NBGrader is a system for assigning and grading notebooks and extends Jupyter Notebook. For more information, see http://nbgrader.readthedocs.org.

This forked repo (https://github.com/jld23/nbgrader) includes a number of contributions that are used for teaching SAS programming in a classroom setting.

FAQ

  • Do I need to buy SAS to use this kernel?

    The SAS kernel is simply a program that enables Jupyter to communicate with SAS. As such, if SAS is not installed, then this kernel is not helpful. For information about purchasing SAS, see http://www.sas.com/en_us/software/how-to-buy.html.

  • How does Jupyter communicate with SAS?

    Behind a Jupyter Notebook is a Python session. The Python session submits code to SAS and receives responses through socket I/O communication. The submit and receive strategy leverages the stdin, stdout, and stderr capabilities that have been supported in SAS for a long time.

  • If stdin, stdout, and stderr have been supported for so long why do I need to have SAS 9.4 or newer?

    First, SAS 9.4 was released in July 2013, so it is not a bleeding edge requirement. The reason for the prerequisite is that SAS 9.4 introduced support for creating of HTML5 documents. The SAS kernel relies on the HTML5 output so that it can render attractive tables and graphs automagically.

    For information about SAS Viya, see http://www.sas.com/viya.

  • How can I see my SAS log, I only see the listing output?

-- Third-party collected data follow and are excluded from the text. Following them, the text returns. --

lemma strict_sublevel_near:
  assumes alt: "alt_c_convex X Y c \<phi>" and x': "x' \<in> X" "\<phi> x' < - c x' y + h"
  obtains \<eta> where "\<eta> > 0"
    "\<And>q. q \<in> Xy \<Longrightarrow> dist q (coord x') < \<eta> \<Longrightarrow> \<phi> (expc q) < - c (expc q) y + h"
proof -
  obtain L where L: "\<And>y'. y' \<in> Y \<Longrightarrow> L-lipschitz_on Xy (\<lambda>q. c (expc q) y')"
    using lipschitz_c_expc by blast
  have "L \<ge> 0" using L[OF y_in_Y] lipschitz_on_nonneg by blast
  define \<eta> where "\<eta> = (- c x' y + h - \<phi> x') / (2 * L + 1)"
  have "\<eta> > 0" and "2 * L * \<eta> < - c x' y + h - \<phi> x'"
    using x'(2) \<open>L \<ge> 0\<close> by (simp_all add: \<eta>_def field_simps)
  show ?thesis
  proof (rule that[OF \<open>\<eta> > 0\<close>])
    fix q assume q: "q \<in> Xy" "dist q (coord x') < \<eta>"
    have near: "\<bar>c (expc q) y' - c x' y'\<bar> \<le> L * \<eta>" if "y' \<in> Y" for y'
    proof -
      have "\<bar>c (expc q) y' - c x' y'\<bar> \<le> L * dist q (coord x')"
        using lipschitz_onD[OF L[OF that] q(1), of "coord x'"] x' by (simp add: expc_coord dist_real_def)
      also have "\<dots> \<le> L * \<eta>" using q(2) \<open>L \<ge> 0\<close> by (simp add: mult_left_mono)
      finally show ?thesis .
    qed
    have "\<phi> (expc q) \<le> \<phi> x' + L * \<eta>"
    proof (rule alt_c_convex_le[OF alt x'(1) x'(1) expc_in_X[OF q(1)]])
      show "Y \<noteq> {}" using y_in_Y by blast
    qed (use near in fastforce)
    with near[OF y_in_Y] \<open>2 * L * \<eta> < - c x' y + h - \<phi> x'\<close>
    show "\<phi> (expc q) < - c (expc q) y + h" by linarith
  qed
qed

lemma open_strict_sublevel_chart:
  assumes alt: "alt_c_convex X Y c \<phi>" and x': "x' \<in> X" "\<phi> x' < - c x' y + h"
  obtains U where "open U" "U \<noteq> {}" "U \<subseteq> interior Xy"
    "\<And>q. q \<in> U \<Longrightarrow> \<phi> (expc q) < - c (expc q) y + h"
proof -
  obtain \<eta> where "\<eta> > 0"
    and \<eta>: "\<And>q. q \<in> Xy \<Longrightarrow> dist q (coord x') < \<eta> \<Longrightarrow> \<phi> (expc q) < - c (expc q) y + h"
    using strict_sublevel_near[OF assms] by blast
  have "coord x' \<in> closure (interior Xy)" using x'(1) closure_interior_Xy by simp
  then obtain q where "q \<in> interior Xy" "dist q (coord x') < \<eta>"
    using closure_approachable \<open>\<eta> > 0\<close> by blast
  then show ?thesis
    using \<eta> interior_subset[of Xy]
    by (intro that[of "interior Xy \<inter> ball (coord x') \<eta>"]) (auto simp: dist_commute)
qed

lemma interior_sublevel_nonempty:
  assumes alt: "alt_c_convex X Y c \<phi>" and x': "x' \<in> X" "\<phi> x' < - c x' y + h"
  shows "interior {x \<in> X. \<phi> x \<le> - c x y + h} \<noteq> {}"
proof -
  obtain U where U: "open U" "U \<noteq> {}" "U \<subseteq> interior Xy"
    and strict: "\<And>q. q \<in> U \<Longrightarrow> \<phi> (expc q) < - c (expc q) y + h"
    using open_strict_sublevel_chart[OF assms] by blast
  have "U \<subseteq> Xy" using U(3) interior_subset by blast
  then have "expc ` interior U \<subseteq> interior (expc ` U)"
    by (intro image_interior_subset_interior_image continuous_on_subset[OF continuous_expc]
        inj_on_subset[OF inj_expc])
  also have "\<dots> \<subseteq> interior {x \<in> X. \<phi> x \<le> - c x y + h}"
    using strict \<open>U \<subseteq> Xy\<close> expc_in_X by (intro interior_mono) force
  finally show ?thesis using U(1,2) interior_open by fastforce
qed

lemma alt_c_convex_supporting:
  assumes alt: "alt_c_convex X Y c \<phi>" and "x0 \<in> X" "x1 \<in> X" "x \<in> X"
  obtains ys where "ys \<in> Y" "\<phi> x \<le> - c x ys + min (\<phi> x0 + c x0 ys) (\<phi> x1 + c x1 ys)"
proof -
  have "continuous_on Y (\<lambda>y'. - c x y' + min (\<phi> x0 + c x0 y') (\<phi> x1 + c x1 y'))"
    using continuous_c_right assms(2-4) by (intro continuous_intros) auto
  then obtain ys where "ys \<in> Y" and max: "\<And>y'. y' \<in> Y \<Longrightarrow>
      - c x y' + min (\<phi> x0 + c x0 y') (\<phi> x1 + c x1 y') \<le> - c x ys + min (\<phi> x0 + c x0 ys) (\<phi> x1 + c x1 ys)"
    using continuous_attains_sup[OF compact_Y] y_in_Y by blast
  moreover have "\<phi> x \<le> - c x ys + min (\<phi> x0 + c x0 ys) (\<phi> x1 + c x1 ys)"
    by (rule alt_c_convex_le[OF assms]) (use max y_in_Y in auto)
  ultimately show ?thesis using that by blast
qed

lemma loeper_local_max:
  assumes loeper: "loeper X Y c Dyc" and "x \<in> X" "x2 \<in> X" "z \<in> X" "ys \<in> Y"
    and "coord x2 \<in> interior Xy" "0 < t" "t < 1"
    and x: "coord x = t *\<^sub>R coord x2 + (1 - t) *\<^sub>R coord z"
    and z_le: "- c z ys + c z y \<le> - c x ys + c x y"
    and x2_less: "- c x2 ys + c x2 y < - c x ys + c x y"
  obtains \<delta> where "\<delta> > 0" "\<And>w. w \<in> X \<Longrightarrow> dist w x < \<delta> \<Longrightarrow> - c w ys + c w y \<le> - c x ys + c x y"
proof -
  define G where "G w = - c w ys + c w y" for w
  have "continuous_on X G"
    unfolding G_def using continuous_c_left[OF \<open>ys \<in> Y\<close>] continuous_c_left[OF y_in_Y]
    by (intro continuous_intros)
  then have "continuous_on Xy (\<lambda>q. G (expc q))"
    using continuous_on_compose2[OF _ continuous_expc] expc_in_X by blast
  then have "open (interior Xy \<inter> (\<lambda>q. G (expc q)) -` {..< G x})"
    by (intro continuous_open_preimage continuous_on_subset[OF _ interior_subset]) auto
  moreover have "coord x2 \<in> interior Xy \<inter> (\<lambda>q. G (expc q)) -` {..< G x}"
    using \<open>x2 \<in> X\<close> \<open>coord x2 \<in> interior Xy\<close> x2_less by (simp add: G_def expc_coord)
  ultimately obtain r where "r > 0" and r: "ball (coord x2) r \<subseteq> interior Xy \<inter> (\<lambda>q. G (expc q)) -` {..< G x}"
    by (meson open_contains_ball)
  obtain \<delta> where "\<delta> > 0" and \<delta>: "\<And>w. w \<in> X \<Longrightarrow> dist w x < \<delta> \<Longrightarrow> dist (coord w) (coord x) < t * r"
    using continuous_coord[unfolded continuous_on_iff] \<open>x \<in> X\<close> \<open>r > 0\<close> \<open>0 < t\<close> by (metis mult_pos_pos)
  show ?thesis
  proof (rule that[OF \<open>\<delta> > 0\<close>])
    (* points near x lie on c-segments from z to points near x2, where G < G x *)
    fix w assume w: "w \<in> X" "dist w x < \<delta>"
    then have "coord w \<in> ball (coord x) (t * r)" using \<delta> by (simp add: dist_commute)
    then obtain a where a: "a \<in> ball (coord x2) r" "coord w = t *\<^sub>R a + (1 - t) *\<^sub>R coord z"
      using ball_subset_image_homothety[OF \<open>0 < t\<close>, of "coord x2" "coord z" r] x by auto
    have "a \<in> Xy" "G (expc a) < G x"
      using a(1) r interior_subset[of Xy] by auto
    have "w = expc (coord w)" using expc_coord[OF w(1)] by simp
    also have "\<dots> = expc (t *\<^sub>R coord (expc a) + (1 - t) *\<^sub>R coord z)"
      using a(2) coord_expc[OF \<open>a \<in> Xy\<close>] by simp
    finally have "w = expc (t *\<^sub>R coord (expc a) + (1 - t) *\<^sub>R coord z)" .
    from loeper_chart[OF loeper \<open>z \<in> X\<close> expc_in_X[OF \<open>a \<in> Xy\<close>] \<open>ys \<in> Y\<close> _ _ this]
    have "G w \<le> max (G z) (G (expc a))"
      using \<open>0 < t\<close> \<open>t < 1\<close> by (simp add: G_def)
    then show "- c w ys + c w y \<le> - c x ys + c x y"
      using z_le \<open>G (expc a) < G x\<close> by (simp add: G_def)
  qed
qed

    SAS is different from many other programming languages in that it has two useful information streams, the log (which details the technical details of what happened and how long it took) and the lst (which includes the tables and graphics from the analysis). The SAS kernel attempts to show you what we think you want. Here are the rules:

    LOG LST DISPLAYED NOTES
    Yes No LOG This happens when you run DATA step or a PROC with the noprint option.
    Yes Yes LST
    Yes (with ERROR message(s)) Yes ERROR messages with context from the log, then the listing output.
    Yes (with ERROR message(s)) No LOG

    If you want to see the log but it was not displayed, you can use the SAS log NBExtension. The extension shows the log for the last executed cell or the entire log since the last (re)start of the notebook.

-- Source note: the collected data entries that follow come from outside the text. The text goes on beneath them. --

definition ET1 :: "('o,'m) addcat \<Rightarrow> ('o,'m,'e) bifun \<Rightarrow> bool" where
  "ET1 K E \<longleftrightarrow> additive_category K
   \<and> (\<forall>C\<in>obj K. \<forall>A\<in>obj K. abgroup (Ext E C A) (eadd E C A) (ezero E C A) (eneg E C A))
   \<comment> \<open>covariant part E(C,-)\<close>
   \<and> (\<forall>C\<in>obj K. \<forall>A A' a. a \<in> hom K A A' \<longrightarrow> (\<forall>d\<in>Ext E C A. epush E C a d \<in> Ext E C A'))
   \<and> (\<forall>C\<in>obj K. \<forall>A A' a. a \<in> hom K A A' \<longrightarrow> (\<forall>d\<in>Ext E C A. \<forall>d'\<in>Ext E C A.
        epush E C a (eadd E C A d d') = eadd E C A' (epush E C a d) (epush E C a d')))
   \<and> (\<forall>C\<in>obj K. \<forall>A\<in>obj K. \<forall>d\<in>Ext E C A. epush E C (idm K A) d = d)
   \<and> (\<forall>C\<in>obj K. \<forall>A A' A'' a a'. a \<in> hom K A A' \<longrightarrow> a' \<in> hom K A' A'' \<longrightarrow>
        (\<forall>d\<in>Ext E C A. epush E C (cmp K a' a) d = epush E C a' (epush E C a d)))
   \<and> (\<forall>C\<in>obj K. \<forall>A A' a a'. a \<in> hom K A A' \<longrightarrow> a' \<in> hom K A A' \<longrightarrow>
        (\<forall>d\<in>Ext E C A. epush E C (madd K a a') d = eadd E C A' (epush E C a d) (epush E C a' d)))
   \<comment> \<open>contravariant part E(-,A)\<close>
   \<and> (\<forall>A\<in>obj K. \<forall>C C' c. c \<in> hom K C' C \<longrightarrow> (\<forall>d\<in>Ext E C A. epull E A c d \<in> Ext E C' A))
   \<and> (\<forall>A\<in>obj K. \<forall>C C' c. c \<in> hom K C' C \<longrightarrow> (\<forall>d\<in>Ext E C A. \<forall>d'\<in>Ext E C A.
        epull E A c (eadd E C A d d') = eadd E C' A (epull E A c d) (epull E A c d')))
   \<and> (\<forall>A\<in>obj K. \<forall>C\<in>obj K. \<forall>d\<in>Ext E C A. epull E A (idm K C) d = d)
   \<and> (\<forall>A\<in>obj K. \<forall>C C' C'' c c'. c \<in> hom K C' C \<longrightarrow> c' \<in> hom K C'' C' \<longrightarrow>
        (\<forall>d\<in>Ext E C A. epull E A (cmp K c c') d = epull E A c' (epull E A c d)))
   \<and> (\<forall>A\<in>obj K. \<forall>C C' c c'. c \<in> hom K C' C \<longrightarrow> c' \<in> hom K C' C \<longrightarrow>
        (\<forall>d\<in>Ext E C A. epull E A (madd K c c') d = eadd E C' A (epull E A c d) (epull E A c' d)))
   \<comment> \<open>bifunctoriality\<close>
   \<and> (\<forall>A A' C C' a c. a \<in> hom K A A' \<longrightarrow> c \<in> hom K C' C \<longrightarrow>
        (\<forall>d\<in>Ext E C A. epull E A' c (epush E C a d) = epush E C' a (epull E A c d)))"

definition seq_equiv :: "('o,'m) addcat \<Rightarrow> 'm \<Rightarrow> 'm \<Rightarrow> 'm \<Rightarrow> 'm \<Rightarrow> bool" where
  "seq_equiv K x y x' y' \<longleftrightarrow> (\<exists>b\<in>hom K (tgt K x) (tgt K x'). iso K b
      \<and> cmp K b x = x' \<and> cmp K y' b = y)"

text \<open>A realization: s C A d x y means that the sequence A -x-> B -y-> C belongs to the
  equivalence class s(d), for d \<in> E(C,A).\<close>
type_synonym ('o,'m,'e) realization = "'o \<Rightarrow> 'o \<Rightarrow> 'e \<Rightarrow> 'm \<Rightarrow> 'm \<Rightarrow> bool"

definition realization :: "('o,'m) addcat \<Rightarrow> ('o,'m,'e) bifun \<Rightarrow> ('o,'m,'e) realization \<Rightarrow> bool" where
  "realization K E s \<longleftrightarrow>
     \<comment> \<open>s(d) is an equivalence class of sequences A \<rightarrow> B \<rightarrow> C\<close>
     (\<forall>C\<in>obj K. \<forall>A\<in>obj K. \<forall>d\<in>Ext E C A.
        (\<exists>x y. s C A d x y)
      \<and> (\<forall>x y. s C A d x y \<longrightarrow> (\<exists>B\<in>obj K. x \<in> hom K A B \<and> y \<in> hom K B C))
      \<and> (\<forall>x y x' y'. s C A d x y \<longrightarrow> s C A d x' y' \<longrightarrow> seq_equiv K x y x' y')
      \<and> (\<forall>x y x' y' B'. s C A d x y \<longrightarrow> x' \<in> hom K A B' \<longrightarrow> y' \<in> hom K B' C
            \<longrightarrow> seq_equiv K x y x' y' \<longrightarrow> s C A d x' y'))
     \<comment> \<open>realizing morphisms of extensions\<close>
   \<and> (\<forall>A C A' C' d d' a c x y x' y'. A \<in> obj K \<longrightarrow> C \<in> obj K \<longrightarrow> A' \<in> obj K \<longrightarrow> C' \<in> obj K
        \<longrightarrow> d \<in> Ext E C A \<longrightarrow> d' \<in> Ext E C' A' \<longrightarrow> a \<in> hom K A A' \<longrightarrow> c \<in> hom K C C'
        \<longrightarrow> epush E C a d = epull E A' c d' \<longrightarrow> s C A d x y \<longrightarrow> s C' A' d' x' y'
        \<longrightarrow> (\<exists>b\<in>hom K (tgt K x) (tgt K x'). cmp K b x = cmp K x' a \<and> cmp K c y = cmp K y' b))"

definition ET2 :: "('o,'m) addcat \<Rightarrow> ('o,'m,'e) bifun \<Rightarrow> ('o,'m,'e) realization \<Rightarrow> bool" where
  "ET2 K E s \<longleftrightarrow> realization K E s
   \<comment> \<open>s(0) is the class of the split sequence A \<rightarrow> A \<oplus> C \<rightarrow> C\<close>
   \<and> (\<forall>A\<in>obj K. \<forall>C\<in>obj K. \<forall>P i1 i2 p1 p2. is_biprod K A C P i1 i2 p1 p2
        \<longrightarrow> s C A (ezero E C A) i1 p2)
   \<comment> \<open>s(d \<oplus> d') = s(d) \<oplus> s(d')\<close>
   \<and> (\<forall>A B C A' B' C' d d' x y x' y' PA iA1 iA2 pA1 pA2 PB iB1 iB2 pB1 pB2 PC iC1 iC2 pC1 pC2.
        A \<in> obj K \<longrightarrow> C \<in> obj K \<longrightarrow> A' \<in> obj K \<longrightarrow> C' \<in> obj K
        \<longrightarrow> d \<in> Ext E C A \<longrightarrow> d' \<in> Ext E C' A'
        \<longrightarrow> s C A d x y \<longrightarrow> s C' A' d' x' y'
        \<longrightarrow> x \<in> hom K A B \<longrightarrow> x' \<in> hom K A' B'
        \<longrightarrow> is_biprod K A A' PA iA1 iA2 pA1 pA2
        \<longrightarrow> is_biprod K B B' PB iB1 iB2 pB1 pB2
        \<longrightarrow> is_biprod K C C' PC iC1 iC2 pC1 pC2
        \<longrightarrow> s PC PA
              (eadd E PC PA (epush E PC iA1 (epull E A pC1 d)) (epush E PC iA2 (epull E A' pC2 d')))
              (madd K (cmp K iB1 (cmp K x pA1)) (cmp K iB2 (cmp K x' pA2)))
              (madd K (cmp K iC1 (cmp K y pB1)) (cmp K iC2 (cmp K y' pB2))))"

definition E_triangle :: "('o,'m) addcat \<Rightarrow> ('o,'m,'e) bifun \<Rightarrow> ('o,'m,'e) realization
    \<Rightarrow> 'o \<Rightarrow> 'o \<Rightarrow> 'o \<Rightarrow> 'm \<Rightarrow> 'm \<Rightarrow> 'e \<Rightarrow> bool" where
  "E_triangle K E s A B C x y d \<longleftrightarrow> A \<in> obj K \<and> B \<in> obj K \<and> C \<in> obj K
     \<and> x \<in> hom K A B \<and> y \<in> hom K B C \<and> d \<in> Ext E C A \<and> s C A d x y"

definition E_tri_morphism :: "('o,'m) addcat \<Rightarrow> ('o,'m,'e) bifun
    \<Rightarrow> 'o \<Rightarrow> 'o \<Rightarrow> 'o \<Rightarrow> 'm \<Rightarrow> 'm \<Rightarrow> 'e
    \<Rightarrow> 'o \<Rightarrow> 'o \<Rightarrow> 'o \<Rightarrow> 'm \<Rightarrow> 'm \<Rightarrow> 'e \<Rightarrow> 'm \<Rightarrow> 'm \<Rightarrow> 'm \<Rightarrow> bool" where
  "E_tri_morphism K E A B C x y d A' B' C' x' y' d' a b c \<longleftrightarrow>
     a \<in> hom K A A' \<and> b \<in> hom K B B' \<and> c \<in> hom K C C'
     \<and> epush E C a d = epull E A' c d'
     \<and> cmp K b x = cmp K x' a \<and> cmp K c y = cmp K y' b"

definition ideal :: "('o,'m) addcat \<Rightarrow> 'm set \<Rightarrow> bool" where
  "ideal K I \<longleftrightarrow> I \<subseteq> arr K
   \<and> (\<forall>X\<in>obj K. \<forall>Y\<in>obj K. mzero K X Y \<in> I)
   \<and> (\<forall>f\<in>I. \<forall>g\<in>I. src K f = src K g \<longrightarrow> tgt K f = tgt K g \<longrightarrow> madd K f g \<in> I)
   \<and> (\<forall>f\<in>I. \<forall>g\<in>arr K. src K g = tgt K f \<longrightarrow> cmp K g f \<in> I)
   \<and> (\<forall>f\<in>I. \<forall>g\<in>arr K. tgt K g = src K f \<longrightarrow> cmp K f g \<in> I)"

definition Eperp :: "('o,'m) addcat \<Rightarrow> ('o,'m,'e) bifun \<Rightarrow> 'm set \<Rightarrow> 'm set" where
  "Eperp K E I = {g \<in> arr K. \<forall>m\<in>I. \<forall>d\<in>Ext E (tgt K m) (src K g).
      epull E (tgt K g) m (epush E (tgt K m) g d) = ezero E (src K m) (tgt K g)}"

definition precover :: "('o,'m) addcat \<Rightarrow> 'm set \<Rightarrow> 'o \<Rightarrow> 'm \<Rightarrow> bool" where
  "precover K I C i \<longleftrightarrow> i \<in> I \<and> tgt K i = C
   \<and> (\<forall>f\<in>I. tgt K f = C \<longrightarrow> (\<exists>g\<in>hom K (src K f) (src K i). cmp K i g = f))"

definition special_precover :: "('o,'m) addcat \<Rightarrow> ('o,'m,'e) bifun \<Rightarrow> ('o,'m,'e) realization
    \<Rightarrow> 'm set \<Rightarrow> 'o \<Rightarrow> 'm \<Rightarrow> bool" where
  "special_precover K E s I C i \<longleftrightarrow> i \<in> I \<and> tgt K i = C
   \<and> (\<exists>A B x y d A' x' d' j b.
        E_triangle K E s A B C x y d
      \<and> E_triangle K E s A' (src K i) C x' i d'
      \<and> E_tri_morphism K E A B C x y d A' (src K i) C x' i d' j b (idm K C)
      \<and> j \<in> Eperp K E I)"

end

theory Submission
  imports Defs
begin

text \<open>Let \<open>i : X\<^sub>i \<rightarrow> C\<close> be special, witnessed by \<open>(j, b, 1\<^sub>C)\<close> with
  \<open>j \<in> \<I>\<^sup>\<perp>\<close>, so that \<open>\<delta>' = j\<^sub>\<star>\<delta>\<close>. For \<open>f : X \<rightarrow> C\<close> in \<open>\<I>\<close> we get
  \<open>f\<^sup>\<star>\<delta>' = f\<^sup>\<star>j\<^sub>\<star>\<delta> = 0\<close>. The zero extension is realized by the split sequence
  \<open>A' \<rightarrow> A' \<oplus> X \<rightarrow> X\<close>, so \<open>(1\<^sub>A', -, f)\<close> lifts to a morphism of \<open>\<E>\<close>-triangles
  whose middle component \<open>b'\<close> satisfies \<open>i b' = f p\<^sub>2\<close>; then \<open>g = b' i\<^sub>2\<close> gives
  \<open>i g = f\<close>.\<close>

lemma category_comp_hom:
  "\<lbrakk>category K; f \<in> hom K X Y; g \<in> hom K Y Z\<rbrakk> \<Longrightarrow> cmp K g f \<in> hom K X Z"
  unfolding category_def by blast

  • Will this leave a bunch of SAS sessions hanging around?

    A SAS session is started for each notebook that you have open. For example, if you open 5 notebooks, you start 5 SAS sessions. Those sessions remain active as long as the notebook is running. If you shut down your notebook, the associated SAS session terminates. In JupyterHub, there are configuration options to shut down inactive sessions and the SAS kernel complies with those directives.

  • I restarted my SAS kernel and now my Work library is now empty. What happened?

    When you restart the kernel in a notebook, you terminate the SAS session and start a new one. All of the temporary artifacts, such as data sets in the Work library, assigned librefs, filerefs, Work macros, and so on, are destroyed.